Collected data

text \<open>For \<open>m = 1\<close> the series is exactly the Mercator series of \<open>- ln \<epsilon>\<close>.\<close>

lemma zeta_sh_1: "zeta_sh 1 = [:0, 1:]"
proof (rule zeta_sh_eqI)
  have "(\<Sum>k. (1 - \<epsilon>) ^ (k + 1) / real (k + 1) ^ 1) = - ln \<epsilon>" if "0 < \<epsilon>" "\<epsilon> < 1" for \<epsilon> :: real
  proof -
    have "(\<lambda>n. - ((1 - \<epsilon>) ^ n) / real n) sums ln \<epsilon>"
      using ln_series'[of "\<epsilon> - 1"] that by simp
    then have "(\<lambda>k. - ((1 - \<epsilon>) ^ (k + 1) / real (k + 1))) sums ln \<epsilon>"
      using sums_Suc_iff[of "\<lambda>n. - ((1 - \<epsilon>) ^ n) / real n" "ln \<epsilon>"] by simp
    then show ?thesis
      using sums_minus sums_unique by fastforce
  qed
  moreover have "\<forall>\<^sub>F \<epsilon> in at_right (0::real). \<epsilon> \<in> {0<..<1}"
    by (rule eventually_at_right_real) simp
  ultimately have "\<forall>\<^sub>F \<epsilon> in at_right 0. (\<Sum>k. (1 - \<epsilon>) ^ (k + 1) / real (k + 1) ^ 1) - poly [:0, 1:] (- ln \<epsilon>) = 0"
    by (auto elim: eventually_mono)
  then show "poly_asymptotic (at_right 0) (\<lambda>\<epsilon>. - ln \<epsilon>) (\<lambda>\<epsilon>. \<Sum>k. (1 - \<epsilon>) ^ (k + 1) / real (k + 1) ^ 1) [:0, 1:]"
    unfolding poly_asymptotic_def by (rule tendsto_eventually)
qed simp

lemma zeta_st_eqI:
  assumes "degree p \<le> 2" "poly_asymptotic sequentially harm_approx (\<lambda>N. pair_sum (mzv_pairs N) a b) p"
  shows "zeta_st a b = p"
proof -
  have "filterlim harm_approx at_top sequentially"
    by real_asymp
  then show ?thesis
    unfolding zeta_st_def pair_sum_mzv_pairs_nested using assms by (intro the_poly_asymptotic) auto
qed

lemma zeta_st_eq_mzv2:
  assumes "a \<ge> 1" "b \<ge> 2"
  shows "zeta_st a b = [:mzv2 a b:]"
  using mzv2_LIMSEQ[OF assms] by (intro zeta_st_eqI) (simp_all add: poly_asymptotic_0_iff poly_asymptotic_const_iff)

text \<open>For \<open>b = 1\<close> the stuffle product \<open>\<zeta>\<^sub>N(a) \<zeta>\<^sub>N(1) = \<zeta>\<^sub>N(a, 1) + \<zeta>\<^sub>N\<^sup>\<star>(1, a)\<close> isolates the divergence.\<close>

lemma poly_asymptotic_mzv_pairs_1:
  assumes "a \<ge> 2"
  shows "poly_asymptotic sequentially harm_approx (\<lambda>N. pair_sum (mzv_pairs N) a 1) [:- mzv2_star 1 a, zeta a:]"
proof -
  have eq: "pair_sum (mzv_pairs N) a 1 - poly [:- mzv2_star 1 a, zeta a:] (harm_approx N) =
      zeta_part N 1 * (zeta_part N a - zeta a) + zeta a * (zeta_part N 1 - harm_approx N)
      - (pair_sum (mzv_star_pairs N) 1 a - mzv2_star 1 a)" for N
    using zeta_part_mult_eq_mzv_pairs[of N a 1] by (simp add: algebra_simps)
  have "(\<lambda>N. zeta_part N 1 * (zeta_part N a - zeta a) + zeta a * (zeta_part N 1 - harm_approx N)
      - (pair_sum (mzv_star_pairs N) 1 a - mzv2_star 1 a)) \<longlonglongrightarrow> 0 + zeta a * 0 - 0"
    using zeta_part_mult_tail_LIMSEQ_0[of 1 a] zeta_part_1_asymptotics mzv2_star_LIMSEQ[of 1 a] assms
    by (intro tendsto_intros) (auto simp: LIM_zero)
  then show ?thesis
    unfolding poly_asymptotic_def eq by simp
qed

lemma zeta_st_1:
  assumes "a \<ge> 2"
  shows "zeta_st a 1 = [:- mzv2_star 1 a, zeta a:]"
  using poly_asymptotic_mzv_pairs_1[OF assms] by (intro zeta_st_eqI) auto

lemma poly_asymptotic_mzv_pairs_zeta_st:
  assumes "a \<ge> 1" "b \<ge> 1" "b = 1 \<longrightarrow> a \<ge> 2"
  shows "poly_asymptotic sequentially harm_approx (\<lambda>N. pair_sum (mzv_pairs N) a b) (zeta_st a b)"
proof (cases "b = 1")
  case True
  then show ?thesis
    using assms poly_asymptotic_mzv_pairs_1 zeta_st_1 by simp
next
  case False
  then show ?thesis
    using assms mzv2_LIMSEQ[of a b] zeta_st_eq_mzv2[of a b] by (simp add: poly_asymptotic_const_iff)
qed
lemma post_pos_sum_eq_1:
  assumes L_range: "\<And>x y. 0 < L x y \<and> L x y < 1"
    and p0: "\<And>i. i \<in> {1..M} \<Longrightarrow> 0 < p0 i" and p0_sum: "(\<Sum>i=1..M. p0 i) = 1"
  shows "(\<forall>i\<in>{1..M}. 0 < post L c M p0 \<xi> D k i) \<and> (\<Sum>i=1..M. post L c M p0 \<xi> D k i) = 1"
proof (induction k)
  case 0
  then show ?case using p0 p0_sum by simp
next
  case (Suc k)
  define Z where "Z = (\<Sum>j=1..M. lik L (D (Suc k)) (c j) (\<xi> (Suc k)) * post L c M p0 \<xi> D k j)"
  have "M \<ge> 1" using p0_sum by (cases M) auto
  then have "Z > 0"
    unfolding Z_def using Suc lik_pos[of L, OF L_range] by (intro sum_pos) auto
  moreover have "(\<Sum>i=1..M. post L c M p0 \<xi> D (Suc k) i) = Z / Z"
    by (simp add: Z_def flip: sum_divide_distrib)
  ultimately show ?case
    using Suc lik_pos[of L, OF L_range] by (auto simp: Z_def intro!: divide_pos_pos)
qed

lemma post_odds:
  "post L c M p0 \<xi> D k i * (p0 j * (\<Prod>m=1..k. lik L (D m) (c j) (\<xi> m)))
     = post L c M p0 \<xi> D k j * (p0 i * (\<Prod>m=1..k. lik L (D m) (c i) (\<xi> m)))"
proof (induction k)
  case (Suc k)
  then show ?case
    by (simp add: prod.cl_ivl_Suc field_simps)
qed simp

lemma post_le_likelihood_ratio:
  assumes L_range: "\<And>x y. 0 < L x y \<and> L x y < 1"
    and p0: "\<And>i. i \<in> {1..M} \<Longrightarrow> 0 < p0 i" and p0_sum: "(\<Sum>i=1..M. p0 i) = 1"
    and "i \<in> {1..M}" "j \<in> {1..M}"
  shows "post L c M p0 \<xi> D k i
           \<le> p0 i / p0 j * (\<Prod>m=1..k. lik L (D m) (c i) (\<xi> m) / lik L (D m) (c j) (\<xi> m))"
proof -
  define Pi where "Pi = (\<Prod>m=1..k. lik L (D m) (c i) (\<xi> m))"
  define Pj where "Pj = (\<Prod>m=1..k. lik L (D m) (c j) (\<xi> m))"
  have pos: "Pi > 0" "Pj > 0" "p0 i > 0" "p0 j > 0"
    using lik_pos[of L, OF L_range] p0 assms(4,5) by (auto simp: Pi_def Pj_def intro!: prod_pos)
  have post_pos: "\<forall>l\<in>{1..M}. 0 < post L c M p0 \<xi> D k l"
    and post_sum: "(\<Sum>l=1..M. post L c M p0 \<xi> D k l) = 1"
    using post_pos_sum_eq_1[of L, OF L_range p0 p0_sum] by auto
  have "post L c M p0 \<xi> D k j \<le> 1"
    using member_le_sum[of j "{1..M}" "post L c M p0 \<xi> D k"] post_pos post_sum assms(5)
    by (auto simp: less_imp_le)
  then have "post L c M p0 \<xi> D k j * (p0 i * Pi) / (p0 j * Pj) \<le> p0 i / p0 j * (Pi / Pj)"
    using pos by (simp add: divide_right_mono mult_left_le_one_le)
  moreover have "post L c M p0 \<xi> D k i * (p0 j * Pj) = post L c M p0 \<xi> D k j * (p0 i * Pi)"
    unfolding Pi_def Pj_def by (rule post_odds)
  then have "post L c M p0 \<xi> D k i = post L c M p0 \<xi> D k j * (p0 i * Pi) / (p0 j * Pj)"
    using pos by (simp add: field_simps)
  ultimately show ?thesis by (simp add: Pi_def Pj_def prod_dividef)
qed

lemma KL_diff_eq_sum_expected_log_lik_ratio:
  assumes L_range: "\<And>x y. 0 < L x y \<and> L x y < 1"
  shows "(\<Sum>m=1..n. L s (\<xi> m) * ln (lik L True x (\<xi> m) / lik L True y (\<xi> m))
            + (1 - L s (\<xi> m)) * ln (lik L False x (\<xi> m) / lik L False y (\<xi> m)))
         = KL L s y \<xi> n - KL L s x \<xi> n"
proof -
  have pos: "0 < L a b" "L a b < 1" "0 < 1 - L a b" for a b using L_range[of a b] by auto
  show ?thesis
    unfolding KL_def lik_def by (simp add: ln_divide_pos pos sum_subtractf[symmetric] algebra_simps)
qed

lemma post_tendsto_0_if_log_lik_ratio_le_linear:
  fixes C \<epsilon> :: real
  assumes L_range: "\<And>x y. 0 < L x y \<and> L x y < 1"
    and p0: "\<And>i. i \<in> {1..M} \<Longrightarrow> 0 < p0 i" and p0_sum: "(\<Sum>i=1..M. p0 i) = 1"
    and "i \<in> {1..M}" "j \<in> {1..M}" and "\<epsilon> > 0"
    and log_lik_ratio: "eventually (\<lambda>k.
          (\<Sum>m=1..k. ln (lik L (D m) (c i) (\<xi> m) / lik L (D m) (c j) (\<xi> m))) \<le> C - \<epsilon> * k)
          sequentially"
  shows "(\<lambda>k. post L c M p0 \<xi> D k i) \<longlonglongrightarrow> 0"
proof (rule tendsto_sandwich)
  show "eventually (\<lambda>k. 0 \<le> post L c M p0 \<xi> D k i) sequentially"
    using post_pos_sum_eq_1[of L, OF L_range p0 p0_sum] \<open>i \<in> {1..M}\<close> by (simp add: less_imp_le)
  show "eventually (\<lambda>k. post L c M p0 \<xi> D k i \<le> p0 i / p0 j * exp (C - \<epsilon> * k)) sequentially"
    using log_lik_ratio
  proof eventually_elim
    case (elim k)
    have pos: "0 < lik L b x y" for b x y by (rule lik_pos[of L, OF L_range])
    have "post L c M p0 \<xi> D k i
            \<le> p0 i / p0 j * (\<Prod>m=1..k. lik L (D m) (c i) (\<xi> m) / lik L (D m) (c j) (\<xi> m))"
      by (rule post_le_likelihood_ratio[of L, OF L_range p0 p0_sum]) (use assms(4,5) in auto)
    also have "(\<Prod>m=1..k. lik L (D m) (c i) (\<xi> m) / lik L (D m) (c j) (\<xi> m))
                 = exp (\<Sum>m=1..k. ln (lik L (D m) (c i) (\<xi> m) / lik L (D m) (c j) (\<xi> m)))"
      by (simp add: exp_sum pos)
    also have "p0 i / p0 j * \<dots> \<le> p0 i / p0 j * exp (C - \<epsilon> * k)"
      using elim p0 \<open>i \<in> {1..M}\<close> \<open>j \<in> {1..M}\<close> by (intro mult_left_mono) (auto simp: less_imp_le)
    finally show ?case .
  qed
  show "(\<lambda>k. p0 i / p0 j * exp (C - \<epsilon> * real k)) \<longlonglongrightarrow> 0"
    using \<open>\<epsilon> > 0\<close> by real_asymp
qed simp

lemma AE_eventually_log_lik_ratio_sum_le_linear:
  fixes L :: "'a \<Rightarrow> 'a \<Rightarrow> real" and d :: "nat \<Rightarrow> 'w \<Rightarrow> bool"
  assumes L_range: "\<And>x y. 0 < L x y \<and> L x y < 1"
    and per: "\<And>k. \<xi> (k + n) = \<xi> k"
    and "prob_space Mp"
    and indep: "prob_space.indep_vars Mp (\<lambda>_. count_space UNIV) d {1..}"
    and prob_d: "\<And>k. k \<ge> 1 \<Longrightarrow> measure Mp {\<omega> \<in> space Mp. d k \<omega>} = L s (\<xi> k)"
    and less: "KL L s y \<xi> n < KL L s x \<xi> n"
  obtains C \<epsilon> :: real where "\<epsilon> > 0"
    and "AE \<omega> in Mp. eventually (\<lambda>k.
           (\<Sum>m=1..k. ln (lik L (d m \<omega>) x (\<xi> m) / lik L (d m \<omega>) y (\<xi> m))) \<le> C - \<epsilon> * k)
           sequentially"
proof -
  interpret prob_space Mp by fact
  define llr where "llr m b = ln (lik L b x (\<xi> m) / lik L b y (\<xi> m))" for m b
  define e where "e m = L s (\<xi> m) * llr m True + (1 - L s (\<xi> m)) * llr m False" for m
  have llr_per: "llr (k + n) b = llr k b" for k b by (simp add: llr_def per)
  have "n > 0" using less by (intro gr0I) (simp add: KL_def)
  obtain B where llr_bound: "\<And>m b. \<bar>llr m b\<bar> \<le> B"
    using periodic_bounded[of llr n, OF llr_per \<open>n > 0\<close>] by blast
  have d_meas: "d m \<in> measurable Mp (count_space UNIV)" if "m \<ge> 1" for m
    using indep that by (auto simp: indep_vars_def)
  have indep_llr: "indep_vars (\<lambda>_. borel) (\<lambda>m \<omega>. llr m (d m \<omega>)) {1..}"
    by (rule indep_vars_compose2[OF indep]) simp
  have mean: "expectation (\<lambda>\<omega>. llr m (d m \<omega>)) = e m" if "m \<ge> 1" for m
    using expectation_fun_bool[OF d_meas[OF that], of "llr m"] prob_d[OF that] by (simp add: e_def)
  have e_per: "e (k + n) = e k" for k by (simp add: e_def llr_per per)
  have "(\<Sum>m=1..n. e m) = KL L s y \<xi> n - KL L s x \<xi> n"
    unfolding e_def llr_def by (rule KL_diff_eq_sum_expected_log_lik_ratio[OF L_range])
  then have e_sum: "(\<Sum>m=1..n. e m) < 0" using less by simp
  have bound: "\<And>m \<omega>. m \<ge> 1 \<Longrightarrow> \<omega> \<in> space Mp \<Longrightarrow> \<bar>llr m (d m \<omega>)\<bar> \<le> B"
    by (rule llr_bound)
  obtain C \<epsilon> :: real where "\<epsilon> > 0"
    and "AE \<omega> in Mp. eventually (\<lambda>k. (\<Sum>m=1..k. llr m (d m \<omega>)) \<le> C - \<epsilon> * k) sequentially"
    by (rule AE_eventually_partial_sum_le_linear[OF indep_llr bound mean e_per e_sum])
  then show thesis by (intro that[of \<epsilon> C]) (simp_all add: llr_def)
qed
(* Consider a run of Algorithm 1 (described in the context) against an adversary making at most $C$ corruptions. The total absolute loss $\sum |f(x_t)-q_t|$ over all rounds $t$ lying in corrupted intervals is at most $L\cdot O(C\log T)$, with an absolute constant.
   Context: Problem. Fix $L>0$ and $T\ge 2$. An adversary fixes an unknown $L$-Lipschitz $f:[0,1]\to[0,L]$. In each round $t=1,\dots,T$: the adversary chooses $x_t\in[0,1]$; the learner observes $x_t$ and guesses $q_t$; the adversary observes $q_t$ and sends $\sigma_t\in\{0,1\}$, equal to $\sigma(q_t-f(x_t))$ in uncorrupted rounds and $1-\sigma(q_t-f(x_t))$ in corrupted rounds, where $\sigma(u)=1$ if $u>0$ and $0$ if $u\le 0$; the adversary chooses adaptively which rounds to corrupt, at most $C$ in total ($C$ unknown to the learner). The absolute loss of round $t$ is $|f(x_t)-q_t|$. $\mathtt{len}(I)$ is the length of an interval $I$. $\mathtt{MidpointQuery}(I,Y)$, $Y=[a,b]$: guess $q=(a+b)/2$; if $\sigma_t=1$ return $Y\cap[0,q+L\,\mathtt{len}(I)]$, if $\sigma_t=0$ return $Y\cap[q-L\,\mathtt{len}(I),L]$. Algorithm 1. Maintain a partition of $[0,1]$ into intervals; each $I_j$ carries a checking interval $S_j$, range $Y_j$, and a "dubious" flag (initially unset). Initially: $8$ intervals of length $1/8$ (the root intervals), each with $S_j=Y_j=[0,L]$. In round $t$, with $I_j$ the partition interval containing $x_t$: (i) if some endpoint of $S_j$ has not been guessed in a round whose context lay in $I_j$, guess such an endpoint; if the guess was $\min(S_j)$ with $\sigma_t=1$ or $\max(S_j)$ with $\sigma_t=0$, mark $I_j$ dubious; once both endpoints have been queried, set $Y_j=[0,L]$ if dubious and otherwise $Y_j=[\min(S_j)-L\,\mathtt{len}(I_j),\max(S_j)+L\,\mathtt{len}(I_j)]\cap[0,L]$. (ii) Otherwise set $Y_j:=\mathtt{MidpointQuery}(I_j,Y_j)$; if then $\mathtt{len}(Y_j)<\max(4L\,\mathtt{len}(I_j),4L/T)$, bisect $I_j$ into its two halves (its children), which replace it, each with checking interval equal to the current $Y_j$ (endpoints unqueried, not dubious). Interval types. Say a round $t$ lies in $I_j$ if $I_j$ is the partition interval containing $x_t$ at round $t$. An interval $I_j$ is corrupted if some round lying in $I_j$ has a corrupted signal. *)

theory Defs
  imports "HOL-Analysis.Analysis"
begin

text \<open>A node of the partition: the interval [lo,hi], its checking interval S = [smin,smax],
  its range Y = [ymin,ymax], flags telling whether min S / max S have been guessed in a
  round lying in this interval, and the dubious flag.\<close>
record node =
  lo :: real
  hi :: real
  smin :: real
  smax :: real
  ymin :: real
  ymax :: real
  qmin :: bool
  qmax :: bool
  dub :: bool

type_synonym hist = "(real \<times> real \<times> bool) list"  \<comment> \<open>(x_s, q_s, sigma_s) of past rounds\<close>

definition fresh_node :: "real \<Rightarrow> real \<Rightarrow> real \<Rightarrow> real \<Rightarrow> node" where
  "fresh_node a b y1 y2 = \<lparr>lo = a, hi = b, smin = y1, smax = y2, ymin = y1, ymax = y2,
      qmin = False, qmax = False, dub = False\<rparr>"

definition init_partition :: "real \<Rightarrow> node list" where
  "init_partition L = map (\<lambda>k. fresh_node (real k / 8) (real (Suc k) / 8) 0 L) [0..<8]"

definition contains :: "node \<Rightarrow> real \<Rightarrow> bool" where
  "contains n x \<longleftrightarrow> lo n \<le> x \<and> (x < hi n \<or> (hi n = 1 \<and> x = 1))"

definition find_node :: "node list \<Rightarrow> real \<Rightarrow> nat" where
  "find_node P x = (LEAST i. i < length P \<and> contains (P ! i) x)"

text \<open>The learner's guess. pk resolves the choice in step (i) when both endpoints
  of S are still unguessed (True: guess min S, False: guess max S).\<close>
definition guess :: "node \<Rightarrow> bool \<Rightarrow> real" where
  "guess n pk =
     (if \<not> qmin n \<and> \<not> qmax n then (if pk then smin n else smax n)
      else if \<not> qmin n then smin n
      else if \<not> qmax n then smax n
      else (ymin n + ymax n) / 2)"

definition update :: "real \<Rightarrow> nat \<Rightarrow> node \<Rightarrow> real \<Rightarrow> bool \<Rightarrow> node list" where
  "update L T n q sg =
     (let len = hi n - lo n in
      if \<not> (qmin n \<and> qmax n) then
        (let n1 = n\<lparr>qmin := (qmin n \<or> q = smin n), qmax := (qmax n \<or> q = smax n),
                    dub := (dub n \<or> (q = smin n \<and> sg) \<or> (q = smax n \<and> \<not> sg))\<rparr> in
         if qmin n1 \<and> qmax n1 then
           (if dub n1 then [n1\<lparr>ymin := 0, ymax := L\<rparr>]
            else [n1\<lparr>ymin := max (smin n1 - L * len) 0, ymax := min (smax n1 + L * len) L\<rparr>])
         else [n1])
      else
        (let y1' = (if sg then max (ymin n) 0 else max (ymin n) (q - L * len));
             y2' = (if sg then min (ymax n) (q + L * len) else min (ymax n) L) in
         if y2' - y1' < max (4 * L * len) (4 * L / real T) then
           [fresh_node (lo n) ((lo n + hi n) / 2) y1' y2',
            fresh_node ((lo n + hi n) / 2) (hi n) y1' y2']
         else [n\<lparr>ymin := y1', ymax := y2'\<rparr>]))"

definition sgn_fb :: "real \<Rightarrow> bool" where
  "sgn_fb u \<longleftrightarrow> u > 0"

text \<open>Adversary: X chooses the context from the history, Cor
  decides (after seeing the context and the guess) whether to corrupt the signal.
  run ... t is the state (partition, history) before round t+1.\<close>
fun run :: "real \<Rightarrow> nat \<Rightarrow> (real \<Rightarrow> real) \<Rightarrow> (hist \<Rightarrow> real) \<Rightarrow> (hist \<Rightarrow> real \<Rightarrow> real \<Rightarrow> bool)
              \<Rightarrow> (hist \<Rightarrow> bool) \<Rightarrow> nat \<Rightarrow> node list \<times> hist" where
  "run L T f X Cor pick 0 = (init_partition L, [])"
| "run L T f X Cor pick (Suc t) =
     (let (P, h) = run L T f X Cor pick t;
          x = X h; i = find_node P x; n = P ! i; q = guess n (pick h);
          sg = (if Cor h x q then \<not> sgn_fb (q - f x) else sgn_fb (q - f x))
      in (take i P @ update L T n q sg @ drop (Suc i) P, h @ [(x, q, sg)]))"

text \<open>Quantities of round t+1 (t = 0,...,T-1).\<close>
definition ctx :: "real \<Rightarrow> nat \<Rightarrow> (real \<Rightarrow> real) \<Rightarrow> (hist \<Rightarrow> real) \<Rightarrow> (hist \<Rightarrow> real \<Rightarrow> real \<Rightarrow> bool)
              \<Rightarrow> (hist \<Rightarrow> bool) \<Rightarrow> nat \<Rightarrow> real" where
  "ctx L T f X Cor pick t = X (snd (run L T f X Cor pick t))"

DIRECTIONS: Which lines run from the one holding "using elim p0" through the one holding "(\<Sum>m=1..k. ln (lik L (d m \<omega>)" in the records above? Repeat them exactly, both included, and nothing more.

SOLUTION FOR THIS EXERCISE:
      using elim p0 \<open>i \<in> {1..M}\<close> \<open>j \<in> {1..M}\<close> by (intro mult_left_mono) (auto simp: less_imp_le)
    finally show ?case .
  qed
  show "(\<lambda>k. p0 i / p0 j * exp (C - \<epsilon> * real k)) \<longlonglongrightarrow> 0"
    using \<open>\<epsilon> > 0\<close> by real_asymp
qed simp

lemma AE_eventually_log_lik_ratio_sum_le_linear:
  fixes L :: "'a \<Rightarrow> 'a \<Rightarrow> real" and d :: "nat \<Rightarrow> 'w \<Rightarrow> bool"
  assumes L_range: "\<And>x y. 0 < L x y \<and> L x y < 1"
    and per: "\<And>k. \<xi> (k + n) = \<xi> k"
    and "prob_space Mp"
    and indep: "prob_space.indep_vars Mp (\<lambda>_. count_space UNIV) d {1..}"
    and prob_d: "\<And>k. k \<ge> 1 \<Longrightarrow> measure Mp {\<omega> \<in> space Mp. d k \<omega>} = L s (\<xi> k)"
    and less: "KL L s y \<xi> n < KL L s x \<xi> n"
  obtains C \<epsilon> :: real where "\<epsilon> > 0"
    and "AE \<omega> in Mp. eventually (\<lambda>k.
           (\<Sum>m=1..k. ln (lik L (d m \<omega>) x (\<xi> m) / lik L (d m \<omega>) y (\<xi> m))) \<le> C - \<epsilon> * k)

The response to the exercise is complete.